_TASK OBJECTIVE_: Return the data below exactly, but only from the line containing "P) *\<^sub>R x +" through the line containing "note Lj = linear_functional_eqs[OF", with both of those lines included.

═════ ENTRIES SHOWN ═════

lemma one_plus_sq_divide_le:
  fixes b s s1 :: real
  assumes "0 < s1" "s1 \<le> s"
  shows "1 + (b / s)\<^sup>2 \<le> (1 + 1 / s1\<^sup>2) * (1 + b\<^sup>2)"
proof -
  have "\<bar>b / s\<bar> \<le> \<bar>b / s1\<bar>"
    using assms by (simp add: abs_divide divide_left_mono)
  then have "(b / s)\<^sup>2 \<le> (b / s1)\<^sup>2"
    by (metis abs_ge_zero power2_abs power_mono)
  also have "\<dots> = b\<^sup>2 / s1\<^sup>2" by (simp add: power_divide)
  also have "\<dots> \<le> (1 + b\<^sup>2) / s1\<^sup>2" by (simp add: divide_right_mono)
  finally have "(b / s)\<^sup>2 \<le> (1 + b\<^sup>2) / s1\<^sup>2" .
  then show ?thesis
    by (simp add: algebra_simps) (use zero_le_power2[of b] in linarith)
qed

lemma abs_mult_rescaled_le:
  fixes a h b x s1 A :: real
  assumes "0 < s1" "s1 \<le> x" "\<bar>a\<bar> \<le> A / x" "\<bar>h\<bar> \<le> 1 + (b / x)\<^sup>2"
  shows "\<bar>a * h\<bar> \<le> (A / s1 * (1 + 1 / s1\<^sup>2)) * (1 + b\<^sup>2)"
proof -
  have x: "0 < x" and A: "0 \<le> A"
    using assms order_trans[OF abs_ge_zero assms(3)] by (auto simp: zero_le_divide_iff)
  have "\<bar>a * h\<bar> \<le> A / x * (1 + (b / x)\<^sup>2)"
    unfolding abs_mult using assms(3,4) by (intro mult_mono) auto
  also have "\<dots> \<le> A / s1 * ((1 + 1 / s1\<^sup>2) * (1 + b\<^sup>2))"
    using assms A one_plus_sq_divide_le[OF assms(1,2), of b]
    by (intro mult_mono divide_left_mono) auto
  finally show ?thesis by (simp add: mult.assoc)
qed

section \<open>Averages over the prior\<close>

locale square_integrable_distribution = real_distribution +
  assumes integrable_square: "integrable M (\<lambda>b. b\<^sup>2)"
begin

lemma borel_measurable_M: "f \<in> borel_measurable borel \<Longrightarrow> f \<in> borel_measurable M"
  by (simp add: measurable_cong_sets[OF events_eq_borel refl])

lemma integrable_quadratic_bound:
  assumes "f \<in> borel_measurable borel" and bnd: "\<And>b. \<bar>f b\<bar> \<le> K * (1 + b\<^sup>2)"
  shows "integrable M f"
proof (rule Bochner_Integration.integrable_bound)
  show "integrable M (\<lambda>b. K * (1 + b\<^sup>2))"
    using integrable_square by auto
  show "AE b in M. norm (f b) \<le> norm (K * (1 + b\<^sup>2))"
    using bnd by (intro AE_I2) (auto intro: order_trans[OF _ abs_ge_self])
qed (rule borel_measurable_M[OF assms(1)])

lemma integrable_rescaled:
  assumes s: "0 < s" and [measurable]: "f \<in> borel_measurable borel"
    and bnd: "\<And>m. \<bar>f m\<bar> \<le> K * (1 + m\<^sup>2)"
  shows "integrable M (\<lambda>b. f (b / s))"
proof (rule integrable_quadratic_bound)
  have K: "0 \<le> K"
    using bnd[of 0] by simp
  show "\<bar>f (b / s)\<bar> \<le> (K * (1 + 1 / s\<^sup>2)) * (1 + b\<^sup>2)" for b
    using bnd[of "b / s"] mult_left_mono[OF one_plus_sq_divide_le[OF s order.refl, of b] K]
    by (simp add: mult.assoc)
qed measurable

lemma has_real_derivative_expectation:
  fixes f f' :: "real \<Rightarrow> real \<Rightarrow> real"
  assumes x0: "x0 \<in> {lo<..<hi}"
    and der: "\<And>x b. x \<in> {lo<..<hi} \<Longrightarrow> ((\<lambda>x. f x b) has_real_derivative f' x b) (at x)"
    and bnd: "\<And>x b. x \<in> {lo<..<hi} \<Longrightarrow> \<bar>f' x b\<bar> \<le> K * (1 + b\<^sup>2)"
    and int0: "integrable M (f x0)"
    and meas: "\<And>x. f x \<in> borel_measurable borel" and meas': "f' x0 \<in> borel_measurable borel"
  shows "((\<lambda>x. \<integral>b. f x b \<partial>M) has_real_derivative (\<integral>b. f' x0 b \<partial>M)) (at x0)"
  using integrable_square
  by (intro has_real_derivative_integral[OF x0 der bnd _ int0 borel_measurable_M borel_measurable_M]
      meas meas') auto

═════
═════ ENTRIES SHOWN ═════

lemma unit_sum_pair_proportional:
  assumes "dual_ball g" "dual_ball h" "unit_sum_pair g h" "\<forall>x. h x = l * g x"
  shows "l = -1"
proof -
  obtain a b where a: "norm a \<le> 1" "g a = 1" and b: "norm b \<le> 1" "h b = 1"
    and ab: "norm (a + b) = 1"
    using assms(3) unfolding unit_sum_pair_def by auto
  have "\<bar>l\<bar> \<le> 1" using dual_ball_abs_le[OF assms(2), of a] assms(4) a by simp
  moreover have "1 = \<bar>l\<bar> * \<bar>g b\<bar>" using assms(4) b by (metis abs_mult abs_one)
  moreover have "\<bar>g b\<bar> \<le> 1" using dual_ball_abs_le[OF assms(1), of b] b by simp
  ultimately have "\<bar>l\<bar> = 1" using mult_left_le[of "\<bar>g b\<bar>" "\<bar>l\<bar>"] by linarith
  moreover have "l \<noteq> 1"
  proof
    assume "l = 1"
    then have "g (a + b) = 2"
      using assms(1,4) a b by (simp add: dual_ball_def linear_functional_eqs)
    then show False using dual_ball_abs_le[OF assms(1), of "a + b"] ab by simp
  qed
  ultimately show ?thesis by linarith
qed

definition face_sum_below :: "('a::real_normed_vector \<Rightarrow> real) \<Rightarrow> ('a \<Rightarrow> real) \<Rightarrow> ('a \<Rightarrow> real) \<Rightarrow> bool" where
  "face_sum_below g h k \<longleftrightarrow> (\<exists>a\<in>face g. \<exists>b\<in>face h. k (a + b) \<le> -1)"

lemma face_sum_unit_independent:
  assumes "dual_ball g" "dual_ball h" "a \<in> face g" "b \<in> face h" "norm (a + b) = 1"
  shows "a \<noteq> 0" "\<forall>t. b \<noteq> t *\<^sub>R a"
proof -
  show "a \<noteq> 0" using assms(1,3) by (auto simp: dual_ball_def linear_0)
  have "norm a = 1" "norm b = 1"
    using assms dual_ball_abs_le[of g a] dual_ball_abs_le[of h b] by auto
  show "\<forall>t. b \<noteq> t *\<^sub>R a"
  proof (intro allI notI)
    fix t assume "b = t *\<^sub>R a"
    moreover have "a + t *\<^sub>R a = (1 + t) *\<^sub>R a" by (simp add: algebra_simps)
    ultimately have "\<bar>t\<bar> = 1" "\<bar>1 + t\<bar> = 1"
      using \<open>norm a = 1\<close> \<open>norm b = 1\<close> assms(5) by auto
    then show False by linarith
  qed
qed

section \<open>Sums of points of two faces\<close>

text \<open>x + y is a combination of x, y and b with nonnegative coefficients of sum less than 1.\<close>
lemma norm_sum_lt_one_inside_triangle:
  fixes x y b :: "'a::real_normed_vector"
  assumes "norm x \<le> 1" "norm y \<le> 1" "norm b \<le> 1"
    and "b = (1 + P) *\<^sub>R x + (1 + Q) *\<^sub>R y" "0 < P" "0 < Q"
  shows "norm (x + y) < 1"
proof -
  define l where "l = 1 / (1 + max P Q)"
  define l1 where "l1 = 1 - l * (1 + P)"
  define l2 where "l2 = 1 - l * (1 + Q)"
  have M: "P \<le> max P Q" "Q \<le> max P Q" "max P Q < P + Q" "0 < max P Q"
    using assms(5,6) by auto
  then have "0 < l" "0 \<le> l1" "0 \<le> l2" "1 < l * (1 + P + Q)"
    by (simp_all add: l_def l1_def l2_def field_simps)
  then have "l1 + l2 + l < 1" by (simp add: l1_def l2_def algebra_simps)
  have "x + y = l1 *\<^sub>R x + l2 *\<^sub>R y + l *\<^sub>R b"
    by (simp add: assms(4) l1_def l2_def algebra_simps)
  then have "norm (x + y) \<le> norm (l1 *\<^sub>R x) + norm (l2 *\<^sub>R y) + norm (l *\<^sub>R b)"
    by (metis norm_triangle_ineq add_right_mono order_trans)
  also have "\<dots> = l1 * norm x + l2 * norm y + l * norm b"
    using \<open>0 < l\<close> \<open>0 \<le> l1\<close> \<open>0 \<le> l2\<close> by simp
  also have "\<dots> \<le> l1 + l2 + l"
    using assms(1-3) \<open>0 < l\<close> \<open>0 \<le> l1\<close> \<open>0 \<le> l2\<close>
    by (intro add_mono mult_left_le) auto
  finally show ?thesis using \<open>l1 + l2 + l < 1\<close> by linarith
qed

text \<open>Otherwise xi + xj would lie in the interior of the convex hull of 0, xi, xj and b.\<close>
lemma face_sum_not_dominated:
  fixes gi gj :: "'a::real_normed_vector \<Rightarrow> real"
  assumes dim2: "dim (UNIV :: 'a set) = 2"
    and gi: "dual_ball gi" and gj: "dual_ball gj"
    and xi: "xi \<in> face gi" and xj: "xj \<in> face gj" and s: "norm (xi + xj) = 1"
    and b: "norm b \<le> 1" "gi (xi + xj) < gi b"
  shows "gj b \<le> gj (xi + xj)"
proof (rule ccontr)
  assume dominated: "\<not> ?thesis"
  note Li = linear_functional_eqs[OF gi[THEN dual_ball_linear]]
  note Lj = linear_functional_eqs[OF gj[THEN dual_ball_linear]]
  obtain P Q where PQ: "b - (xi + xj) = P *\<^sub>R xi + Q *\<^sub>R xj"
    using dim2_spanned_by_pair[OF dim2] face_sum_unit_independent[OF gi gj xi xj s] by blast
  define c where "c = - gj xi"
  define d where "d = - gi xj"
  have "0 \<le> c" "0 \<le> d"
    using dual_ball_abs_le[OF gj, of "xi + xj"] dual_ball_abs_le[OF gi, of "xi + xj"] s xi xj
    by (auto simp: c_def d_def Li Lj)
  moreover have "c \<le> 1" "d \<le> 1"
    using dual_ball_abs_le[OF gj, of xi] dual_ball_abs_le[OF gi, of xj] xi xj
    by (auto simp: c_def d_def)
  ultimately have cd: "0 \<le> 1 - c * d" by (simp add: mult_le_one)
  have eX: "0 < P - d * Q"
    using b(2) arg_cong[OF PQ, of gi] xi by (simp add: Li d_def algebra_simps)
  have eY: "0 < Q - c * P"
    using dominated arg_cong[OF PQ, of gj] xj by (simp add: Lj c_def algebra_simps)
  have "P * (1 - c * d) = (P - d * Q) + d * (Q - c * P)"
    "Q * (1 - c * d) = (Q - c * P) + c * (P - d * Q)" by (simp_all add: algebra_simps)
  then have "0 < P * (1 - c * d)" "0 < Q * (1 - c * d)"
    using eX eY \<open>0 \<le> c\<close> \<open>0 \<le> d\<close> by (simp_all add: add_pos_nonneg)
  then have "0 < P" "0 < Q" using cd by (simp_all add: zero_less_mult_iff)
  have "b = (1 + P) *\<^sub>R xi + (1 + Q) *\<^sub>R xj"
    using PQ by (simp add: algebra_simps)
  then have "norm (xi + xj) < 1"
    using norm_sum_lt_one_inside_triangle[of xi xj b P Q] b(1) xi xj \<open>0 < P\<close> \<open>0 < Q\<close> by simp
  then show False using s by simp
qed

═════

_OUTPUT OF THE EXERCISE_:
    and "b = (1 + P) *\<^sub>R x + (1 + Q) *\<^sub>R y" "0 < P" "0 < Q"
  shows "norm (x + y) < 1"
proof -
  define l where "l = 1 / (1 + max P Q)"
  define l1 where "l1 = 1 - l * (1 + P)"
  define l2 where "l2 = 1 - l * (1 + Q)"
  have M: "P \<le> max P Q" "Q \<le> max P Q" "max P Q < P + Q" "0 < max P Q"
    using assms(5,6) by auto
  then have "0 < l" "0 \<le> l1" "0 \<le> l2" "1 < l * (1 + P + Q)"
    by (simp_all add: l_def l1_def l2_def field_simps)
  then have "l1 + l2 + l < 1" by (simp add: l1_def l2_def algebra_simps)
  have "x + y = l1 *\<^sub>R x + l2 *\<^sub>R y + l *\<^sub>R b"
    by (simp add: assms(4) l1_def l2_def algebra_simps)
  then have "norm (x + y) \<le> norm (l1 *\<^sub>R x) + norm (l2 *\<^sub>R y) + norm (l *\<^sub>R b)"
    by (metis norm_triangle_ineq add_right_mono order_trans)
  also have "\<dots> = l1 * norm x + l2 * norm y + l * norm b"
    using \<open>0 < l\<close> \<open>0 \<le> l1\<close> \<open>0 \<le> l2\<close> by simp
  also have "\<dots> \<le> l1 + l2 + l"
    using assms(1-3) \<open>0 < l\<close> \<open>0 \<le> l1\<close> \<open>0 \<le> l2\<close>
    by (intro add_mono mult_left_le) auto
  finally show ?thesis using \<open>l1 + l2 + l < 1\<close> by linarith
qed

text \<open>Otherwise xi + xj would lie in the interior of the convex hull of 0, xi, xj and b.\<close>
lemma face_sum_not_dominated:
  fixes gi gj :: "'a::real_normed_vector \<Rightarrow> real"
  assumes dim2: "dim (UNIV :: 'a set) = 2"
    and gi: "dual_ball gi" and gj: "dual_ball gj"
    and xi: "xi \<in> face gi" and xj: "xj \<in> face gj" and s: "norm (xi + xj) = 1"
    and b: "norm b \<le> 1" "gi (xi + xj) < gi b"
  shows "gj b \<le> gj (xi + xj)"
proof (rule ccontr)
  assume dominated: "\<not> ?thesis"
  note Li = linear_functional_eqs[OF gi[THEN dual_ball_linear]]
  note Lj = linear_functional_eqs[OF gj[THEN dual_ball_linear]]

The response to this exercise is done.